Here's how the mouse would tell it: I padded into a room and was shocked. Then I tiptoed into a different room. I was shocked there, too.
But only of those mouse memories is real. The other is the invention of MIT scientists. But to the mouse, both the memories are just as true.
A team of scientists under Susumu Tonegawa at the Massachusetts Institute of Technology has created false memories in mice, a feat that puts renewed attention on the foibles of human memory, an unreliable resource often called upon as a final arbiter in critical, sometimes life-or-death, situations, including trials that hinge on eyewitness statements.

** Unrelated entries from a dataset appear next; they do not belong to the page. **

(* Let $\mathcal{J}=\langle U,g,f\rangle$ satisfy the standing assumptions below, and let $(\theta^k)_{k\ge1}$ be a sequence of evaluations satisfying the long-term condition. Then for all $T_0\geq0$ and all $y_0\in\mathbb{R}^d$, $$\limsup_k V_{\theta^k}(y_0)=\limsup_k\inf_{t\leq T_0}V_{\mathcal{T}_t\sharp\theta^k}(y_0).$$ In particular, for all $T_0\ge0$ and $y_0\in\mathbb{R}^d$, $\limsup_k V_{\theta^k}(y_0)\leq\sup_{k\in\mathbb{N}^*}\inf_{t\leq T_0}V_{\mathcal{T}_t\sharp\theta^k}(y_0)$.
   Context: Setting: $U$ is a metric space, $g:\mathbb{R}^d\times U\to[0,1]$ is Borel measurable, $f:\mathbb{R}^d\times U\to\mathbb{R}^d$ is Borel measurable with $\|f(y,u)-f(\bar y,u)\|\leq L\|y-\bar y\|$ and $\|f(y,u)\|\leq a(1+\|y\|)$ for constants $L\ge0,a>0$. $\mathcal{U}$ is the set of measurable controls $u:[0,+\infty)\to U$; $y(t,u,y_0)$ is the solution of $y'=f(y,u)$, $y(0)=y_0$. For an evaluation $\theta\in\Delta(\mathbb{R}_+)$, $V_\theta(y_0)=\inf_{u\in\mathcal{U}}\int_{[0,+\infty)} g(y(s,u,y_0),u(s))\,d\theta(s)$ and $V_{\mathcal{T}_t\sharp\theta}(y_0)=\inf_{u\in\mathcal{U}}\int_{[0,+\infty)} g(y(s+t,u,y_0),u(s+t))\,d\theta(s)$ ($t$ ranging over $[0,T_0]$). $TV_s(\theta)=\sup_{Q\in\mathcal{B}(\mathbb{R}_+)}|\theta(Q)-\theta(Q+s)|$; $(\theta^k)$ satisfies the long-term condition if $\sup_{0\le s\le S}TV_s(\theta^k)\to0$ as $k\to\infty$ for every $S>0$. *)

theory Defs
  imports "HOL-Analysis.Analysis" "HOL-Probability.Probability"
begin

definition standing_assumptions ::
  "('a::euclidean_space \<Rightarrow> 'u::metric_space \<Rightarrow> real) \<Rightarrow> ('a \<Rightarrow> 'u \<Rightarrow> 'a) \<Rightarrow> real \<Rightarrow> real \<Rightarrow> bool" where
  "standing_assumptions g f L a \<longleftrightarrow>
     (\<lambda>(y, u). g y u) \<in> borel_measurable borel \<and>
     (\<forall>y u. 0 \<le> g y u \<and> g y u \<le> 1) \<and>
     (\<lambda>(y, u). f y u) \<in> borel_measurable borel \<and>
     L \<ge> 0 \<and> a > 0 \<and>
     (\<forall>y y' u. norm (f y u - f y' u) \<le> L * norm (y - y')) \<and>
     (\<forall>y u. norm (f y u) \<le> a * (1 + norm y))"

text \<open>Measurable controls u : [0,+\<infinity>) \<rightarrow> U (values at negative times are irrelevant).\<close>
definition controls :: "(real \<Rightarrow> 'u::metric_space) set" where
  "controls = {u. u \<in> borel_measurable (restrict_space borel {0..})}"

definition is_traj :: "('a::euclidean_space \<Rightarrow> 'u \<Rightarrow> 'a) \<Rightarrow> (real \<Rightarrow> 'u) \<Rightarrow> 'a \<Rightarrow> (real \<Rightarrow> 'a) \<Rightarrow> bool" where
  "is_traj f u y0 y \<longleftrightarrow>
     (\<forall>t\<ge>0. (\<lambda>s. f (y s) (u s)) integrable_on {0..t} \<and>
             y t = y0 + integral {0..t} (\<lambda>s. f (y s) (u s)))"

definition traj :: "('a::euclidean_space \<Rightarrow> 'u \<Rightarrow> 'a) \<Rightarrow> (real \<Rightarrow> 'u) \<Rightarrow> 'a \<Rightarrow> real \<Rightarrow> 'a" where
  "traj f u y0 = (THE y. is_traj f u y0 y \<and> (\<forall>t<0. y t = y0))"

definition evaluation :: "real measure \<Rightarrow> bool" where
  "evaluation \<theta> \<longleftrightarrow> prob_space \<theta> \<and> space \<theta> = {0..} \<and>
     sets \<theta> = sets (restrict_space borel {0..})"

definition Val :: "('a::euclidean_space \<Rightarrow> 'u::metric_space \<Rightarrow> real) \<Rightarrow> ('a \<Rightarrow> 'u \<Rightarrow> 'a)
     \<Rightarrow> real measure \<Rightarrow> 'a \<Rightarrow> real" where
  "Val g f \<theta> y0 = (INF u\<in>controls. \<integral>s. g (traj f u y0 s) (u s) \<partial>\<theta>)"

definition Val_shift :: "('a::euclidean_space \<Rightarrow> 'u::metric_space \<Rightarrow> real) \<Rightarrow> ('a \<Rightarrow> 'u \<Rightarrow> 'a)
     \<Rightarrow> real measure \<Rightarrow> real \<Rightarrow> 'a \<Rightarrow> real" where
  "Val_shift g f \<theta> t y0 = (INF u\<in>controls. \<integral>s. g (traj f u y0 (s + t)) (u (s + t)) \<partial>\<theta>)"

definition TV :: "real \<Rightarrow> real measure \<Rightarrow> real" where
  "TV s \<theta> = (SUP Q\<in>sets (restrict_space borel {0..}). \<bar>measure \<theta> Q - measure \<theta> ((\<lambda>x. x + s) ` Q)\<bar>)"

definition long_term_condition :: "(nat \<Rightarrow> real measure) \<Rightarrow> bool" where
  "long_term_condition \<theta> \<longleftrightarrow> (\<forall>S>0. (\<lambda>k. SUP s\<in>{0..S}. TV s (\<theta> k)) \<longlonglongrightarrow> 0)"

end

theory Submission
  imports Defs
begin

text \<open>Shifting an evaluation by t changes the cost of every control by at most
  2 TV_t(\<theta>), because the running cost takes values in [0,1]: the mass of [0,t) is at most
  TV_t(\<theta>), every superlevel set of the cost loses at most TV_t(\<theta>) of its measure under
  the shift, and an integral of a [0,1]-valued function is recovered from the measures of its
  superlevel sets. Hence V_\<theta> \<le> inf_{t\<le>T0} V_{T_t#\<theta>} + 2 sup_{s\<le>T0} TV_s(\<theta>), while the
  reverse inequality holds trivially with t = 0; the long-term condition makes the gap vanish.\<close>

lemma card_grid_below_approx:
  fixes v :: real and n :: nat
  assumes "0 \<le> v" "v \<le> 1" "n > 0"
  shows "v - 1/n \<le> card {j\<in>{1..n}. j/n \<le> v} / n"
    and "card {j\<in>{1..n}. j/n \<le> v} / n \<le> v"
proof -
  define m where "m = nat \<lfloor>n * v\<rfloor>"
  have m: "real m \<le> n * v" "n * v < real m + 1"
    using assms by (simp_all add: m_def)
  have "real n * v \<le> real n" using assms by (simp add: mult_left_le)
  then have "m \<le> n" using m(1) by linarith
  have grid: "real j / n \<le> v \<longleftrightarrow> j \<le> m" for j
  proof -
    have "real j / n \<le> v \<longleftrightarrow> real j \<le> n * v"
      using assms by (simp add: divide_le_eq mult.commute)
    also have "\<dots> \<longleftrightarrow> j \<le> m"
      using m by linarith
    finally show ?thesis .
  qed
  have "{j\<in>{1..n}. j/n \<le> v} = {1..m}"
    using \<open>m \<le> n\<close> by (auto simp only: grid atLeastAtMost_iff mem_Collect_eq)
  then have card: "card {j\<in>{1..n}. j/n \<le> v} = m" by simp
  have "v - 1/n = (n * v - 1) / n" using assms by (simp add: field_simps)
  also have "\<dots> \<le> m / n" using m by (simp add: divide_right_mono)
  finally show "v - 1/n \<le> card {j\<in>{1..n}. j/n \<le> v} / n" unfolding card .
  show "card {j\<in>{1..n}. j/n \<le> v} / n \<le> v"
    unfolding card using m assms by (simp add: divide_le_eq mult.commute)
qed

lemma (in prob_space) integral_superlevel_grid_bounds:
  fixes f :: "'a \<Rightarrow> real" and n :: nat
  assumes [measurable]: "f \<in> borel_measurable M"
    and f01: "\<And>x. x \<in> space M \<Longrightarrow> 0 \<le> f x \<and> f x \<le> 1" and n: "n > 0"
  shows "expectation f - 1/n \<le> (\<Sum>j=1..n. prob {x\<in>space M. j/n \<le> f x}) / n"
    and "(\<Sum>j=1..n. prob {x\<in>space M. j/n \<le> f x}) / n \<le> expectation f"
proof -
  define S where "S j = {x\<in>space M. j/n \<le> f x}" for j :: nat
  define F where "F x = (\<Sum>j=1..n. indicator (S j) x) / n" for x
  have S_sets: "S j \<in> events" for j
    unfolding S_def by measurable
  have F_card: "F x = card {j\<in>{1..n}. j/n \<le> f x} / n" if "x \<in> space M" for x
  proof -
    have "indicator (S j) x = (of_bool (j/n \<le> f x) :: real)" for j
      using that by (simp add: S_def indicator_def)
    then show ?thesis
      by (simp add: F_def Int_def conj_commute)
  qed
  have int_S: "integrable M (indicator (S j) :: 'a \<Rightarrow> real)" for j
    using S_sets by (auto intro!: integrable_real_indicator simp: less_top[symmetric])
  then have int_F: "integrable M F"
    unfolding F_def by (intro integrable_divide_zero integrable_sum) auto
  have "expectation F = (\<Sum>j=1..n. prob (S j)) / n"
    using int_S S_sets sets.sets_into_space by (simp add: F_def[abs_def] Int_absorb2)
  moreover have int_f: "integrable M f"
    using f01 by (intro integrable_const_bound[where B=1]) auto
  moreover have "expectation f \<le> expectation (\<lambda>x. F x + 1/n)"
    using int_f int_F F_card card_grid_below_approx(1)[OF _ _ n] f01
    by (intro integral_mono) (auto simp: algebra_simps)
  moreover have "expectation F \<le> expectation f"
    using int_f int_F F_card card_grid_below_approx(2)[OF _ _ n] f01
    by (intro integral_mono) auto
  ultimately show "expectation f - 1/n \<le> (\<Sum>j=1..n. prob {x\<in>space M. j/n \<le> f x}) / n"
    and "(\<Sum>j=1..n. prob {x\<in>space M. j/n \<le> f x}) / n \<le> expectation f"
    using int_F by (simp_all add: S_def prob_space)
qed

“Our data demonstrate that it is possible to generate an internally represented and behaviorally expressed fear memory via artificial means,” the authors write in the paper, published in Nature.
But where those engrams are in the brain has been unclear: are those engrams spread across the brain, forming a brain-wide network of memory creation, or are engrams stored in just one region?
That region, researchers have proposed, could be the hippocampus, a small area shaped like a ram’s horn and tucked snugly at the brain’s bottom-middle. To prove that engrams are localized to the hippocampus would require showing that it was possible to generate memories from just the activation of specifically targeted hippocampal cells.
In a previous paper, published last year in Nature, the MIT team had begun to prove that point, showing that mice would freeze in fear if scientists artificially reactivated the brain cells associated with a previous experience with electric shocking.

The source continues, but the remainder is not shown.